Home
I am a final year Ph.D. candidate in the Department of Electrical & Computer Engineering at University of Arizona, USA., advised by Prof. Siyang Cao.
My research is driven by a deep passion for leveraging AI technologies in healthcare to enhance the quality of life. My research interests include:
- Radar signal processing and machine learning for human skeletal pose estimation, fall detection, and fall risk assessments.
- Healthcare technologies for diagnosing and rehabilitating motor deficits in patients, such as Alzheimer’s and Parkinson’s diseases.
- Radio Frequency (RF) systems, multimodal sensing technologies (e.g., Radar, LiDAR, Wi-Fi), and joint sensing in 6G networks.
News
2025-02: The paper “mmWave Radar for Sit-to-Stand Analysis: A Comparative Study with Wearables and Kinect” is accepted to IEEE Transactions on Biomedical Engineering.

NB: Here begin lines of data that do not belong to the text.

definition BR_tilde :: "('i, 'x::finite, 'a) sgame \<Rightarrow> ('i \<Rightarrow> 'x \<Rightarrow> 'a) \<Rightarrow> ('i \<Rightarrow> 'x \<Rightarrow> 'a) set" where
  "BR_tilde G \<pi> = {\<pi>' \<in> policies G. \<forall>i. \<pi>' i \<noteq> \<pi> i \<longrightarrow> strict_best_reply G i (\<pi>' i) \<pi>}"

definition cumber_set :: "('i, 'x::finite, 'a) sgame \<Rightarrow> ('i \<Rightarrow> 'x \<Rightarrow> 'a) set \<Rightarrow> bool" where
  "cumber_set G S \<longleftrightarrow> S \<noteq> {} \<and> S \<subseteq> policies G \<and> (\<forall>\<pi>\<in>S. BR_tilde G \<pi> \<subseteq> S)"

definition minimal_cumber_set :: "('i, 'x::finite, 'a) sgame \<Rightarrow> ('i \<Rightarrow> 'x \<Rightarrow> 'a) set \<Rightarrow> bool" where
  "minimal_cumber_set G S \<longleftrightarrow> cumber_set G S \<and> \<not> (\<exists>S'. cumber_set G S' \<and> S' \<subset> S)"

definition Pi_cumber :: "('i, 'x::finite, 'a) sgame \<Rightarrow> ('i \<Rightarrow> 'x \<Rightarrow> 'a) set" where
  "Pi_cumber G = \<Union> {S. minimal_cumber_set G S}"

end

theory Submission
  imports Defs
begin

text \<open>The policies reachable from \<pi> along strict best reply paths form a cumber set, which is
  finite and therefore contains a minimal cumber set; this gives the path into the cumber set.
  An equilibrium admits no strict best reply, so it is a singleton cumber set, and singletons
  are minimal: equilibria always lie in the cumber set. Conversely, a minimal cumber set is
  closed under strict best reply paths, so if such a path leads from one of its points to an
  equilibrium e, the cumber set {e} inside it forces it to be {e}.\<close>

lemma finite_policies:
  assumes "valid_game G"
  shows "finite (policies G)"
proof -
  have "policies G = PiE UNIV (\<lambda>i. PiE UNIV (\<lambda>_. acts G i))"
    unfolding policies_def ind_policies_def PiE_def Pi_def extensional_def by auto
  moreover have "finite (acts G i)" for i
    using assms unfolding valid_game_def by blast
  ultimately show ?thesis by (simp add: finite_PiE)
qed
lemma astar_inv_progress:
  assumes "astar_inv X C Ts xs opt c"
  shows "(\<exists>c'. astar_step X C Ts c c') \<or> (\<exists>s. c = Returned s)"
proof (cases c)
  case (Open OP)
  then show ?thesis
    using assms astar_step_exists[of OP Ts X C] by (auto simp: astar_inv_def)
qed simp

lemma astar_inv_reachable:
  assumes "opt = Max {ens_eval Ts x | x. x \<in> X \<and> C x}" "xs \<in> X" "C xs" "ens_eval Ts xs = opt"
    and "(astar_step X C Ts)\<^sup>*\<^sup>* (Open {[]}) c"
  shows "astar_inv X C Ts xs opt c"
  using assms(5)
proof induction
  case base
  then show ?case
    using assms(2,3) by (auto simp: astar_inv_def valid_state_def Cs_def mem_state_box)
next
  case (step c c')
  then show ?case
    using astar_step_preserves_inv assms(1,3,4) by blast
qed

theorem theorem2:
  fixes X :: "('f \<Rightarrow> real) set" and C :: "('f \<Rightarrow> real) \<Rightarrow> bool" and Ts :: "'f dtree list"
  assumes "\<exists>x\<in>X. C x"
  shows "(\<forall>c. (astar_step X C Ts)\<^sup>*\<^sup>* (Open {[]}) c \<longrightarrow>
            (\<exists>c'. astar_step X C Ts c c') \<or> (\<exists>s. c = Returned s))
       \<and> \<not> (\<exists>r. r 0 = Open {[]} \<and> (\<forall>i. astar_step X C Ts (r i) (r (Suc i))))
       \<and> (\<forall>s. (astar_step X C Ts)\<^sup>*\<^sup>* (Open {[]}) (Returned s) \<longrightarrow>
            output_config X Ts s \<and>
            g_val Ts s = Max {ens_eval Ts x | x. x \<in> X \<and> C x})"
proof -
  let ?opt = "Max {ens_eval Ts x | x. x \<in> X \<and> C x}"
  have "?opt \<in> {ens_eval Ts x | x. x \<in> X \<and> C x}"
    using assms finite_ens_eval_values by (intro Max_in) auto
  then obtain xs where xs: "xs \<in> X" "C xs" "ens_eval Ts xs = ?opt"
    by auto
  note inv = astar_inv_reachable[OF refl xs]
  have "output_config X Ts s \<and> g_val Ts s = ?opt"
    if "(astar_step X C Ts)\<^sup>*\<^sup>* (Open {[]}) (Returned s)" for s
    using inv[OF that] by (simp add: astar_inv_def)
  then show ?thesis
    using astar_inv_progress[OF inv] astar_no_infinite_run[of "{[]}" X C Ts] by blast
qed

end
(* Let $(A,B)$ be a Katsura pair with $B\in M_N(\{0,1\})$ such that the KEP-action $(G_B,E_A)$ is regular. Then every connected component of $\mathcal{J}_{G_B,E_A}$ is either a point or a circle. Moreover, let $C$ be the connectivity matrix of $E_A$, let $\pi:E_A^{-\infty}\to E_C^{-\infty}$ and $\pi_{\mathcal J}:\mathcal{J}_{G_B,E_A}\to E_C^{-\infty}$ be the induced factor maps, and for $v\in E_C^{-\infty}$ let $K(v)=-\min\{k<0: B_{v_{k-1},v_k}=0\}$ (so $K(v)=\infty$ if $B_{v_{k-1},v_k}=0$ for infinitely many $k$), with $K(v)=0$ if this set is empty. Then: (1) if $K(v)=\infty$, then $\pi_{\mathcal J}^{-1}(v)$ is homeomorphic to $\pi^{-1}(v)$, and under this identification $\tilde\sigma$ is the shift $\sigma:\pi^{-1}(v)\to\pi^{-1}(\sigma(v))$; (2) if $K(v)=0$ and $\sup_{k<0}A_{v[k,-1]}=\infty$, then $\pi_{\mathcal J}^{-1}(v)$ is homeomorphic to a circle $\mathbb{T}_v=\{z\in\mathbb{C}:|z|=1\}$, and under these identifications $\tilde\sigma$ is $z\mapsto z^n:\mathbb{T}_v\to\mathbb{T}_{\sigma(v)}$ with $n=A_{v_{-2},v_{-1}}$; (3) if $K(v)=0$ and $\sup_{k<0}A_{v[k,-1]}<\infty$, then $\pi_{\mathcal J}^{-1}(v)$ is a single point; (4) if $0<K(v)<\infty$, then writing $K=K(v)$, $\pi_{\mathcal J}^{-1}(v)$ is homeomorphic to $\pi_{\mathcal J}^{-1}(\sigma^{K}(v))\times P_v$, where $P_v$ is the finite set of paths $\mu_{-K}\cdots\mu_{-1}$ in $E_A$ lying over the last $K$ edges of $v$, and cases (2) and (3) describe $\pi_{\mathcal J}^{-1}(\sigma^K(v))$; under these identifications $\tilde\sigma$ is $\mathrm{id}\times\sigma:\pi_{\mathcal J}^{-1}(\sigma^K(v))\times P_v\to\pi_{\mathcal J}^{-1}(\sigma^K(v))\times P_{\sigma(v)}$, $(z,\mu_{-K}\cdots\mu_{-1})\mapsto(z,\mu_{-K}\cdots\mu_{-2})$.
   Context: Katsura pair: $N\in\mathbb{N}$, $A\in M_N(\mathbb{N})$ (nonnegative integers), $B\in M_N(\mathbb{Z})$ with $A_{ij}=0\Rightarrow B_{ij}=0$. Graph $E_A$: vertices $\{1,\dots,N\}$, edges $e_{i,j,m}$ for $0\le m<A_{ij}$, $r(e_{i,j,m})=i$, $s(e_{i,j,m})=j$. Finite paths $\mu_1\cdots\mu_n$ with $s(\mu_i)=r(\mu_{i+1})$; $E^{-\infty}$ = left-infinite paths $\cdots\mu_{-2}\mu_{-1}$ with product topology, shift $\sigma(\cdots\mu_{-2}\mu_{-1})=\cdots\mu_{-3}\mu_{-2}$. The group bundle $\mathbb{Z}\times E_A^0$ (elements $a_i^k$, $a_i^ka_i^l=a_i^{k+l}$) acts by $a_i^k\cdot e_{i,j,m}=e_{i,j,\hat m}$, $a_i^k|_{e_{i,j,m}}=a_j^{\hat k}$, where $kB_{ij}+m=\hat kA_{ij}+\hat m$ and $0\le\hat m<A_{ij}$; this extends to finite paths via $g\cdot(e\nu)=(g\cdot e)(g|_e\cdot\nu)$, $g|_{e\nu}=(g|_e)|_\nu$. $G_B$ is the quotient by the elements acting trivially; $(G_B,E_A)$ (the KEP-action) is a faithful self-similar groupoid action, with restrictions descending to $G_B$. Regular: for every $g\in G_B$ there is $K\in\mathbb{N}$ such that $g\cdot\mu=\mu$ and $|\mu|\ge K$ imply $g|_\mu$ is the unit at $s(\mu)$. Limit space: $\mu\sim_{ae}\nu$ in $E_A^{-\infty}$ iff there are a finite $F\subseteq G_B$ and $(g_n)_{n<0}\subseteq F$ with $d(g_n)=r(\mu_n)$ and $g_n\cdot\mu_n\cdots\mu_{-1}=\nu_n\cdots\nu_{-1}$ for all $n<0$; $\mathcal{J}_{G_B,E_A}=E_A^{-\infty}/\sim_{ae}$ (quotient topology), $\tilde\sigma$ induced by $\sigma$. Connectivity matrix: $C_{ij}=1$ if $A_{ij}>0$ and $0$ otherwise; $E_C$ is its graph (one edge $i\to j$ from range $i$ to source $j$ whenever $A_{ij}>0$). $\pi$ sends each edge $e_{i,j,m}$ to the edge of $E_C$ with range $i$ and source $j$; since the action preserves ranges and sources of edges, $\pi$ descends to $\pi_{\mathcal J}$. For $v=\cdots f_{-2}f_{-1}\in E_C^{-\infty}$ write $v_k=s(f_k)$ for $k\le-1$, so $r(f_k)=v_{k-1}$, and $A_{v[k,-1]}=\prod_{j=k}^{-1}A_{v_{j-1},v_j}$. *)

theory Defs
  imports "HOL-Analysis.Analysis" "HOL-Library.Extended_Nat"
begin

2023-12: The paper “mmPose-FK: A forward kinematics approach to dynamic skeletal pose estimation using mmWave radars” is accepted to IEEE Sensors Journal.
2023-11: The paper “Radar-Based Fall Detection: A Survey” is accepted to IEEE Robotics & Automation Magazine.
2022-07: The paper “Stabilizing skeletal pose estimation using mmwave radar via dynamic model and filtering” is accepted to IEEE BHI-BSN-2022.